* [Your task]: The word "noteq" marks the lines you need; copy each of them from the data.

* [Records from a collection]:
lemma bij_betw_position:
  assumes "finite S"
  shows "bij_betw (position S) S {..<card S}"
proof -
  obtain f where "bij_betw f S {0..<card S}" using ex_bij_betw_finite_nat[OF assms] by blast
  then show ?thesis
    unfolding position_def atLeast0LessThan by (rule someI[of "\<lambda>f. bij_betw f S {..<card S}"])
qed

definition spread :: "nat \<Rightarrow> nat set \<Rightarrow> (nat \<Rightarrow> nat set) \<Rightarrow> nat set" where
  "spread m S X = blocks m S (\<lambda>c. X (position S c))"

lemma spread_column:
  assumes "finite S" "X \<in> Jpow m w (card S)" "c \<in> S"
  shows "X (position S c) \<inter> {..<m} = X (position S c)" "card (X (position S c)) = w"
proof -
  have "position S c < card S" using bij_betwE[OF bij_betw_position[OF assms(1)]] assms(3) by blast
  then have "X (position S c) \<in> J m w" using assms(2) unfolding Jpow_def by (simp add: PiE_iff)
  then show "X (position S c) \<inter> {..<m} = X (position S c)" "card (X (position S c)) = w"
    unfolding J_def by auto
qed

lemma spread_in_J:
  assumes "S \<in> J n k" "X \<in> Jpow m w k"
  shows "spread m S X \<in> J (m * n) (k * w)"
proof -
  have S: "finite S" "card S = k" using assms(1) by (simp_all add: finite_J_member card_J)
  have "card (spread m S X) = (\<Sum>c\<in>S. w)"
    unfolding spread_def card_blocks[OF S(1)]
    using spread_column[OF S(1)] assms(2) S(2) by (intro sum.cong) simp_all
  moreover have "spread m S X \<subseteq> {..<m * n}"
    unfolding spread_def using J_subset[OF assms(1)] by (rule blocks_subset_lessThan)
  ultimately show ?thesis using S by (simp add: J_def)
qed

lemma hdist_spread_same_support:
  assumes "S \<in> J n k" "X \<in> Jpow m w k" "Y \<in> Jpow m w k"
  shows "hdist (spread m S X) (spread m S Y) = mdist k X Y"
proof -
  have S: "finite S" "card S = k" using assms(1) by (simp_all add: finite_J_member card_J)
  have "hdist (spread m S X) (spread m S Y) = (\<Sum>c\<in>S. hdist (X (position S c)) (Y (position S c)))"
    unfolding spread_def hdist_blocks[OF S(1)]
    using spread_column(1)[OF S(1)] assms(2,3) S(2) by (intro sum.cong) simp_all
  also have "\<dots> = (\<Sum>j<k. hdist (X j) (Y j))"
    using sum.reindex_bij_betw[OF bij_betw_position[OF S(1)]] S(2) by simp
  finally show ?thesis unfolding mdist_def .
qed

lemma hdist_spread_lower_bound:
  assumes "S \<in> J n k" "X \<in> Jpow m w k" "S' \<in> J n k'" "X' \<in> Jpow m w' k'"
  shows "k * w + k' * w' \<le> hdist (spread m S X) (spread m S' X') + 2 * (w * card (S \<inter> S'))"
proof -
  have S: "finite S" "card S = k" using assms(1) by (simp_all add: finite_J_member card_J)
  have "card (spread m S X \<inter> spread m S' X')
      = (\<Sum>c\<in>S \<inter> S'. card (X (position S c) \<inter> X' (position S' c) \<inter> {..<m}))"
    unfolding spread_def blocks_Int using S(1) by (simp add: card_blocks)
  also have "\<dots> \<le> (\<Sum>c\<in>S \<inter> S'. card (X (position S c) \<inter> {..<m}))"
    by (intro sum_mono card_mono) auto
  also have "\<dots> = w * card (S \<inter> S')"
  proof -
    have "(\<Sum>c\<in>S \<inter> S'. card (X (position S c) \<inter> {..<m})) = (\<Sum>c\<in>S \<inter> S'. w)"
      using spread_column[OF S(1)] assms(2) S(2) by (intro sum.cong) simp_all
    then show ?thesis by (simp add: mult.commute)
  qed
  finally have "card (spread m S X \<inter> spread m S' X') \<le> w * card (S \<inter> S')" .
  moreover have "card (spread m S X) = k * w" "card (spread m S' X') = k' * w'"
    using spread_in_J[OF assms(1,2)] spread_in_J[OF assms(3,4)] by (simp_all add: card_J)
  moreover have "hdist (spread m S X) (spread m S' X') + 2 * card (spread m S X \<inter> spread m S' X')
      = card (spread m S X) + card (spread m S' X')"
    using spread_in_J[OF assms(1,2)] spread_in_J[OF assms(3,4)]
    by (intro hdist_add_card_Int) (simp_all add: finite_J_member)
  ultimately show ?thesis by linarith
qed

* * *

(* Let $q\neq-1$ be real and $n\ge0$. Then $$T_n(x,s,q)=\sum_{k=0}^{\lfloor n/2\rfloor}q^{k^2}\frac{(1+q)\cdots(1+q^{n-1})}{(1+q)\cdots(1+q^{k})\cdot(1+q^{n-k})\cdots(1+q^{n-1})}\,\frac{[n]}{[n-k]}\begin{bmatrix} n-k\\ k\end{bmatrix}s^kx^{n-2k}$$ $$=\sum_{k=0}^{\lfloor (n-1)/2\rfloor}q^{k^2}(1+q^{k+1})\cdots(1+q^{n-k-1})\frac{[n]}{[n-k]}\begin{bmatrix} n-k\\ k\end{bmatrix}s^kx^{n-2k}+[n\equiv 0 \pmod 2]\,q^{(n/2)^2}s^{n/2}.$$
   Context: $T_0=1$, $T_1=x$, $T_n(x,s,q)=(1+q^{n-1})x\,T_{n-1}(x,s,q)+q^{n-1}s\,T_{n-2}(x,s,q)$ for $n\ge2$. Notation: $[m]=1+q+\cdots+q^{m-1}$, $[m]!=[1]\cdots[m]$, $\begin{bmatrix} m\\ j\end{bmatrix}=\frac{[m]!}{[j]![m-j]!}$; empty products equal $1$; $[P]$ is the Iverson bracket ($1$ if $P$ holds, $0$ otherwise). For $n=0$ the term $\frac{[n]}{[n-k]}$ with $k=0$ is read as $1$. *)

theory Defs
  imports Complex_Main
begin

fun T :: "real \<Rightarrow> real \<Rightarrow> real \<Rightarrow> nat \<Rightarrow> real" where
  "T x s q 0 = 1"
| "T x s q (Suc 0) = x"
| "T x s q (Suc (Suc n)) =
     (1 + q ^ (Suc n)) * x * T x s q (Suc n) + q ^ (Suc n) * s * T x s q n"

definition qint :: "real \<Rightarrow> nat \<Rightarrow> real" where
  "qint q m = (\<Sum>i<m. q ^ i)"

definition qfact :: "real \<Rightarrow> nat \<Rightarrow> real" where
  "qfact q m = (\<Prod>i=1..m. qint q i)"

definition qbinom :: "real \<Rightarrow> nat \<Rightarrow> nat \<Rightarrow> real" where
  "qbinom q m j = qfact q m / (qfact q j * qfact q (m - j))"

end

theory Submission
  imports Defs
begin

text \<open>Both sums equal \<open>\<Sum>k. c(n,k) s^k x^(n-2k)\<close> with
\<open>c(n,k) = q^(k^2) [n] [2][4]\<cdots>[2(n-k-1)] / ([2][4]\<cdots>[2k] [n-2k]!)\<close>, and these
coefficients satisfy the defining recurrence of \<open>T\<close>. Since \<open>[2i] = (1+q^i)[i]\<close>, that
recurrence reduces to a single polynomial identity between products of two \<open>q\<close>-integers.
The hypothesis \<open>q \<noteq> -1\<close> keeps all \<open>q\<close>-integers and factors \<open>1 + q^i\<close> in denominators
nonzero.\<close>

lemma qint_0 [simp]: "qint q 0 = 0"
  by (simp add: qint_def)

==

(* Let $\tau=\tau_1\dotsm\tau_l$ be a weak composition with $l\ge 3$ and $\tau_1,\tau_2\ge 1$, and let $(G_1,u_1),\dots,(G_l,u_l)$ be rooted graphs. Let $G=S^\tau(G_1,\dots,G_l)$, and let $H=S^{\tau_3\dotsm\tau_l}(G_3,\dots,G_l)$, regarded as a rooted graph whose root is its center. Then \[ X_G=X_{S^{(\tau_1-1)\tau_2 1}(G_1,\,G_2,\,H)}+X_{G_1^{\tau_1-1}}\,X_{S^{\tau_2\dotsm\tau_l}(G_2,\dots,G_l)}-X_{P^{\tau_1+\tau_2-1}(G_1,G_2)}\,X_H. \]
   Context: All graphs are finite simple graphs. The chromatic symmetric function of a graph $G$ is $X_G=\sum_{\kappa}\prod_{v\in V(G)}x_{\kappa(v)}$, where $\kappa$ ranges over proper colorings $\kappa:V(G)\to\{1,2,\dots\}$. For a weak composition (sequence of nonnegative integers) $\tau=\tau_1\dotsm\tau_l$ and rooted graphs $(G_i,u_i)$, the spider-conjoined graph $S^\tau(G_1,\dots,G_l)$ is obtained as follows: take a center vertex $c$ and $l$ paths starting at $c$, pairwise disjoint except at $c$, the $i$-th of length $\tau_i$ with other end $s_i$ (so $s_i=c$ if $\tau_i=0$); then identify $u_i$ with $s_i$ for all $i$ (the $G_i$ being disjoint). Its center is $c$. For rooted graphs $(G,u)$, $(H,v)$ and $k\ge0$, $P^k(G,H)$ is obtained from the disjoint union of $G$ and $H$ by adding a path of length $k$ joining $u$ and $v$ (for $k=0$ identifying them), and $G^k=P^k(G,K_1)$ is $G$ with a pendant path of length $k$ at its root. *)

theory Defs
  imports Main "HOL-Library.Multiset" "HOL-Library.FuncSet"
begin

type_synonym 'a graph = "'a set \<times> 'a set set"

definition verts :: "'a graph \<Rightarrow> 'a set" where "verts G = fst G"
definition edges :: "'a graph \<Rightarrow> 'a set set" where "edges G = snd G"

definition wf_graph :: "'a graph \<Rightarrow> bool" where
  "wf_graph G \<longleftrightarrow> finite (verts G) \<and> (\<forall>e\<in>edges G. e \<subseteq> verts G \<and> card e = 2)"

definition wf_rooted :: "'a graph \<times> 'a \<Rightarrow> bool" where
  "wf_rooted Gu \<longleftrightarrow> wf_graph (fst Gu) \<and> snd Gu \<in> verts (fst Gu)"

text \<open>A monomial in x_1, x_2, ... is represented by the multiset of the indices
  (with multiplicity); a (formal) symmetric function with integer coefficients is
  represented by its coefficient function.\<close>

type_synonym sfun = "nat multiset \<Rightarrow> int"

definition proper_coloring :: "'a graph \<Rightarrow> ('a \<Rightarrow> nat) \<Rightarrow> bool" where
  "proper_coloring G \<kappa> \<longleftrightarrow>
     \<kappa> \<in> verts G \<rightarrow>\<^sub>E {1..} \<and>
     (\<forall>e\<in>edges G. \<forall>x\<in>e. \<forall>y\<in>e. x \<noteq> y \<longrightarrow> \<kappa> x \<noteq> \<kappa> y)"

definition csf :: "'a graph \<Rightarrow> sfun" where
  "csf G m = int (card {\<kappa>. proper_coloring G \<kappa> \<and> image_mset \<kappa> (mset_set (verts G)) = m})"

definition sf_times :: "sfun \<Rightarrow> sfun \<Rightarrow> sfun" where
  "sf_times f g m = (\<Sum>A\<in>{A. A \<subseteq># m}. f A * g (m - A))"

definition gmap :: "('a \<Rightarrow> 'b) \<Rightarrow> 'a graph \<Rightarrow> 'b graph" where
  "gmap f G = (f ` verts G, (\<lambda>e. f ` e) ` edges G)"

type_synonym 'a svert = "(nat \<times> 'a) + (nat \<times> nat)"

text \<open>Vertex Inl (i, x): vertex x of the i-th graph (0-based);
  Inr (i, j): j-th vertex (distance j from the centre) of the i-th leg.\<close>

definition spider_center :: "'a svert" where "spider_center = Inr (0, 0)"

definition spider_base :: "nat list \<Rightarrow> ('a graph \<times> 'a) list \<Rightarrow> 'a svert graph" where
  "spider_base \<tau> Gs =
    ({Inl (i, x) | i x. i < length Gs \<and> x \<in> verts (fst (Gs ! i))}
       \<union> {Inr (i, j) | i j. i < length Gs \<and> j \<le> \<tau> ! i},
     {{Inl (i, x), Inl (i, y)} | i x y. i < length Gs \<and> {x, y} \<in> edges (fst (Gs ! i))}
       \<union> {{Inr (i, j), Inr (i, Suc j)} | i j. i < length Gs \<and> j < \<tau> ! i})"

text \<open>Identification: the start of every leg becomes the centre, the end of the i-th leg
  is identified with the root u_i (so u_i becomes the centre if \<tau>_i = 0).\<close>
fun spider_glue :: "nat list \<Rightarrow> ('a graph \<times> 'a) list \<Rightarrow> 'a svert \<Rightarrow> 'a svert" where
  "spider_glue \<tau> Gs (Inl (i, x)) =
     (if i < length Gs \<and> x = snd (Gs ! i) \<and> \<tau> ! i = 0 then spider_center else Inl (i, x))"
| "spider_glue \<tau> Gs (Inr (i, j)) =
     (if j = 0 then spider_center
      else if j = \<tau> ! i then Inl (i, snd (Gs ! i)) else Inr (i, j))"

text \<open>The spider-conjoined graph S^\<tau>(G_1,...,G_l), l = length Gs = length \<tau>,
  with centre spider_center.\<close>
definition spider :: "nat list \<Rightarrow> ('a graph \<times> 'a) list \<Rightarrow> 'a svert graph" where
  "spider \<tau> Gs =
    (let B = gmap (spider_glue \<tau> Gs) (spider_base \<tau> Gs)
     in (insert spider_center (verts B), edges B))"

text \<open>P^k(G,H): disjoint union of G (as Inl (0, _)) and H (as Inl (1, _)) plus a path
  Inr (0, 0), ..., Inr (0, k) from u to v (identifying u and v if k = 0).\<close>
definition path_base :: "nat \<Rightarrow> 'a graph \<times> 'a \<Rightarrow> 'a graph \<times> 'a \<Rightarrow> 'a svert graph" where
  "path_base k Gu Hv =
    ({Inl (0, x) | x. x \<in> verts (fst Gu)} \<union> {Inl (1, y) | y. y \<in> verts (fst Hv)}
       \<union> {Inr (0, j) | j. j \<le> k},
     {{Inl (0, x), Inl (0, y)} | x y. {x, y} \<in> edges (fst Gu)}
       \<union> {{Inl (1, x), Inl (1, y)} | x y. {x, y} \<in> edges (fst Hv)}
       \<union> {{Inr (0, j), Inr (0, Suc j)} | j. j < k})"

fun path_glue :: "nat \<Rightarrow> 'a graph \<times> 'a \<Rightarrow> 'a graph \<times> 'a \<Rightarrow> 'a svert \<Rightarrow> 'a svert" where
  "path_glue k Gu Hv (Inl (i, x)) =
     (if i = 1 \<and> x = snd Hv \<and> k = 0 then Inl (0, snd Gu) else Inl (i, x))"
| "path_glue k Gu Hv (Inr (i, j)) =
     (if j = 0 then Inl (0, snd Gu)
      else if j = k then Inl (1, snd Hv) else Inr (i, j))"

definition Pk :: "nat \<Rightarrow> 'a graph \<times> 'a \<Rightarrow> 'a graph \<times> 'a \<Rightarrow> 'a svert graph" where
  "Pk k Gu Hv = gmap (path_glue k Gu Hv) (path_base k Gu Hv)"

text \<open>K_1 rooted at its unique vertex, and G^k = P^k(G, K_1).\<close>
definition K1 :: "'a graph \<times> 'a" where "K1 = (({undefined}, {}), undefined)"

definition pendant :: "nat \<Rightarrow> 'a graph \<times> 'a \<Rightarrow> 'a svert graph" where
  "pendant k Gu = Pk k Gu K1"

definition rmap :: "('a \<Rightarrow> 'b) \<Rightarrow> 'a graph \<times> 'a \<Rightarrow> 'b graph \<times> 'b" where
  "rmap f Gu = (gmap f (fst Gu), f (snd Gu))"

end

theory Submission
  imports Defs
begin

* [Result below]:
The hypothesis \<open>q \<noteq> -1\<close> keeps all \<open>q\<close>-integers and factors \<open>1 + q^i\<close> in denominators
     (\<forall>e\<in>edges G. \<forall>x\<in>e. \<forall>y\<in>e. x \<noteq> y \<longrightarrow> \<kappa> x \<noteq> \<kappa> y)"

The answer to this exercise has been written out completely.